Metaverse – Capital's Carnival
2021 was dubbed the "Metaverse year," with tech giants such as Meta (formerly Facebook), Microsoft, Tencent, and ByteDance pouring resources into the concept, filing related trademarks, acquiring VR startups, and launching Metaverse‑related games and platforms.
What Is the Metaverse?
The closest existing example is the "Oasis" from the film Ready Player One , a fully immersive virtual world where users experience sight, sound, touch, smell, taste, and even sexual stimulation via VR devices; Roblox’s prospectus defines eight essential attributes of a true Metaverse product: identity, friends, immersion, low latency, diversity, ubiquity, economic system, and civilization.
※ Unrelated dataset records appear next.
(* Let $i_1,\dots,i_m\in\mathcal{C}l_{0,m}$ with $i_k^2=-1$ for all $k$, let $0\le\mu\le m$, $F_1=\{i_1,\dots,i_\mu\}$, $F_2=\{i_{\mu+1},\dots,i_m\}$, and let $\mathcal{F}_{F_1,F_2}$ be the geometric Fourier transform defined in the context. Then for all $j_1,\dots,j_m\in\mathbb{N}$, \[ \mathcal{F}_{F_1,F_2}(\psi_{j_1,\dots,j_m})=\left(\prod_{k=1}^{\mu}(-i_k)^{j_k}\right)\psi_{j_1,\dots,j_m}\left(\prod_{k=\mu+1}^{m}(-i_k)^{j_k}\right), \] so the basis $\{\psi_{j_1,\dots,j_m}\}$ of $\mathcal{S}(\mathbb{R}^m)\otimes\mathcal{C}l_{0,m}$ diagonalizes $\mathcal{F}_{F_1,F_2}$.
   Context: $\mathcal{C}l_{0,m}$ is the real associative algebra generated by $e_1,\dots,e_m$ with $e_ie_j+e_je_i=0$ ($i\ne j$), $e_i^2=-1$. For $f:\mathbb{R}^m\to\mathcal{C}l_{0,m}$, $\mathcal{F}_{F_1,F_2}(f)(u)=(2\pi)^{-m/2}\int_{\mathbb{R}^m}\left(\prod_{k=1}^{\mu}e^{-i_kx_ku_k}\right)f(x)\left(\prod_{k=\mu+1}^{m}e^{-i_kx_ku_k}\right)dx$, products taken in increasing order of $k$. The one-dimensional Hermite functions are $\psi_k(x)=(x-\frac{d}{dx})^ke^{-x^2/2}=H_k(x)e^{-x^2/2}$, and $\psi_{j_1,\dots,j_m}(x)=\psi_{j_1}(x_1)\cdots\psi_{j_m}(x_m)$. *)

theory Defs
  imports "HOL-Analysis.Analysis"
begin

text \<open>An element of Cl_{0,m} is represented by its coordinates with respect to the
basis blades e_A = e_{a_1} ... e_{a_k} (a_1 < ... < a_k), A a subset of {1..m}.\<close>

type_synonym clif = "nat set \<Rightarrow> real"

definition cl :: "nat \<Rightarrow> clif set" where
  "cl m = {x. \<forall>A. x A \<noteq> 0 \<longrightarrow> A \<subseteq> {1..m}}"

text \<open>Sign of e_A e_B = sign A B * e_{A symmetric-difference B}, using
e_i e_j = - e_j e_i (i ~= j) and e_i^2 = -1.\<close>
definition blade_sign :: "nat set \<Rightarrow> nat set \<Rightarrow> real" where
  "blade_sign A B = (-1) ^ (card {(a, b). a \<in> A \<and> b \<in> B \<and> b < a} + card (A \<inter> B))"

definition clmul :: "nat \<Rightarrow> clif \<Rightarrow> clif \<Rightarrow> clif" where
  "clmul m x y = (\<lambda>C. \<Sum>A\<in>Pow {1..m}. \<Sum>B\<in>Pow {1..m}.
      if (A - B) \<union> (B - A) = C then blade_sign A B * x A * y B else 0)"

definition cl_one :: clif where
  "cl_one = (\<lambda>A. if A = {} then 1 else 0)"

definition cl_scalar :: "real \<Rightarrow> clif" where
  "cl_scalar r = (\<lambda>A. if A = {} then r else 0)"

definition cl_neg :: "clif \<Rightarrow> clif" where
  "cl_neg x = (\<lambda>A. - x A)"

fun cl_pow :: "nat \<Rightarrow> clif \<Rightarrow> nat \<Rightarrow> clif" where
  "cl_pow m a 0 = cl_one"
| "cl_pow m a (Suc n) = clmul m a (cl_pow m a n)"

definition cl_exp :: "nat \<Rightarrow> clif \<Rightarrow> clif" where
  "cl_exp m a = (\<lambda>C. \<Sum>n. cl_pow m a n C / fact n)"

definition cl_prod :: "nat \<Rightarrow> (nat \<Rightarrow> clif) \<Rightarrow> nat list \<Rightarrow> clif" where
  "cl_prod m g ks = foldr (\<lambda>k acc. clmul m (g k) acc) ks cl_one"

text \<open>Points of R^m are functions x :: nat => real, coordinates x 1, ..., x m;
Lebesgue measure on R^m is the product measure of lborel over {1..m}.\<close>

definition lebesgue_m :: "nat \<Rightarrow> (nat \<Rightarrow> real) measure" where
  "lebesgue_m m = PiM {1..m} (\<lambda>_. lborel)"

definition cl_integral :: "nat \<Rightarrow> ((nat \<Rightarrow> real) \<Rightarrow> clif) \<Rightarrow> clif" where
  "cl_integral m F = (\<lambda>C. integral\<^sup>L (lebesgue_m m) (\<lambda>x. F x C))"

definition geom_FT ::
  "nat \<Rightarrow> nat \<Rightarrow> (nat \<Rightarrow> clif) \<Rightarrow> ((nat \<Rightarrow> real) \<Rightarrow> clif) \<Rightarrow> (nat \<Rightarrow> real) \<Rightarrow> clif" where
  "geom_FT m \<mu> i f u =
     (\<lambda>C. (2 * pi) powr (- real m / 2) *
       cl_integral m (\<lambda>x.
         clmul m (cl_prod m (\<lambda>k. cl_exp m (clmul m (cl_scalar (- x k * u k)) (i k))) [1..<\<mu>+1])
           (clmul m (f x)
             (cl_prod m (\<lambda>k. cl_exp m (clmul m (cl_scalar (- x k * u k)) (i k))) [\<mu>+1..<m+1]))) C)"

definition hermite_fun :: "nat \<Rightarrow> real \<Rightarrow> real" where
  "hermite_fun k = ((\<lambda>g x. x * g x - deriv g x) ^^ k) (\<lambda>x. exp (- x\<^sup>2 / 2))"

definition hermite_multi :: "nat \<Rightarrow> (nat \<Rightarrow> nat) \<Rightarrow> (nat \<Rightarrow> real) \<Rightarrow> real" where
  "hermite_multi m j x = (\<Prod>k\<in>{1..m}. hermite_fun (j k) (x k))"

end

theory Submission
  imports Defs "HOL-Probability.Characteristic_Functions" "HOL-Computational_Algebra.Polynomial"
    "HOL-Real_Asymp.Real_Asymp"
begin

text \<open>
  The kernel factors exp(-i_k x_k u_k) and the powers (-i_k)^j all lie in the subalgebras
  R + R i_k, each a copy of the complex numbers because i_k^2 = -1.  Multiplying out the ordered
  products, both sides become sums, over S \<subseteq> {1..\<mu>} and T \<subseteq> {\<mu>+1..m}, of real multiples of the
  fixed elements (\<Prod>k\<in>S. i_k)(\<Prod>k\<in>T. i_k), whose coefficients are products of real or imaginary
  parts.  By Fubini the coefficients on the left factor into one-dimensional integrals, namely the
  real and imaginary parts of the classical identity
  \<integral> \<psi>_j(t) e^(-itu) dt = sqrt(2\<pi>) (-i)^j \<psi>_j(u).
  That identity follows by induction from the three-term recurrence of the Hermite polynomials,
  an integration by parts against the Gaussian, and the characteristic function of the standard
  normal distribution.
\<close>

section \<open>Hermite functions and their Fourier transform\<close>

fun hermite_poly :: "nat \<Rightarrow> real poly" where
  "hermite_poly 0 = 1"
| "hermite_poly (Suc k) = [:0, 2:] * hermite_poly k - pderiv (hermite_poly k)"

definition gaussian :: "real \<Rightarrow> real" where
  "gaussian t = exp (- t\<^sup>2 / 2)"

lemma pderiv_hermite_poly: "pderiv (hermite_poly (Suc k)) = smult (2 * Suc k) (hermite_poly k)"
proof (induction k)
  case 0
  then show ?case by (simp add: pderiv_pCons)
next
  case (Suc k)
  have "pderiv (hermite_poly (Suc (Suc k))) =
      smult 2 (hermite_poly (Suc k)) + [:0, 2:] * pderiv (hermite_poly (Suc k))
        - pderiv (pderiv (hermite_poly (Suc k)))"
    unfolding hermite_poly.simps(2)[of "Suc k"]
    by (simp add: pderiv_mult pderiv_diff pderiv_pCons pderiv_smult del: hermite_poly.simps)
  also have "\<dots> = smult 2 (hermite_poly (Suc k))
      + smult (2 * Suc k) ([:0, 2:] * hermite_poly k - pderiv (hermite_poly k))"
    by (simp add: Suc pderiv_smult smult_diff_right del: hermite_poly.simps)
  also have "\<dots> = smult (2 * Suc (Suc k)) (hermite_poly (Suc k))"
    by (simp only: hermite_poly.simps(2)[of k, symmetric] smult_add_left[symmetric]) simp
  finally show ?case .
qed

text \<open>The recurrence is written with p' - x p, the polynomial part of (p \<cdot> gaussian)', whose
  Fourier transform is computed by integration by parts.\<close>

lemma hermite_poly_Suc_Suc:
  "hermite_poly (Suc (Suc k)) =
     smult (2 * Suc k) (hermite_poly k) - smult 2 (pderiv (hermite_poly (Suc k)) - [:0, 1:] * hermite_poly (Suc k))"
  unfolding hermite_poly.simps(2)[of "Suc k"] pderiv_hermite_poly
  by (rule poly_eq_poly_eq_iff[THEN iffD1], rule ext) (simp add: algebra_simps)

lemma has_real_derivative_poly_gaussian:
  "((\<lambda>t. poly p t * gaussian t) has_real_derivative poly (pderiv p - [:0, 1:] * p) x * gaussian x) (at x)"
  unfolding gaussian_def
  by (auto intro!: derivative_eq_intros simp: algebra_simps power2_eq_square)

lemma hermite_fun_eq_poly_gaussian: "hermite_fun k t = poly (hermite_poly k) t * gaussian t"
proof (induction k arbitrary: t)
  case 0
  then show ?case by (simp add: hermite_fun_def gaussian_def)
next
  case (Suc k)
  have "hermite_fun (Suc k) t = t * hermite_fun k t - deriv (hermite_fun k) t"
    by (simp add: hermite_fun_def)
  also have "\<dots> = poly (hermite_poly (Suc k)) t * gaussian t"
    unfolding Suc[abs_def] DERIV_imp_deriv[OF has_real_derivative_poly_gaussian]
    by (simp add: algebra_simps)
  finally show ?case .
qed

lemma hermite_fun_Suc_Suc:
  "hermite_fun (Suc (Suc k)) t = 2 * t * hermite_fun (Suc k) t - 2 * Suc k * hermite_fun k t"
  by (simp add: hermite_fun_eq_poly_gaussian hermite_poly_Suc_Suc pderiv_hermite_poly algebra_simps
      del: hermite_poly.simps)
Current games meet only a subset of these criteria; while identity, social features, and basic economies exist, true low‑latency immersion, ubiquitous access, and a mature civilization remain distant goals.
Metaverse Technical Stack
Realizing the Metaverse relies on several emerging technologies: 5G and edge computing to achieve low latency; VR/AR/MR and advanced chipsets for immersive experiences; blockchain to provide trustworthy identity and economic systems; and artificial intelligence to support diverse content, civilization building, and intelligent services.
Although none of these technologies are perfect, they have reached a level of maturity sufficient for early‑stage applications.
The biggest remaining hurdle is cost: building a universe must become cheap enough for anyone to access anytime, anywhere.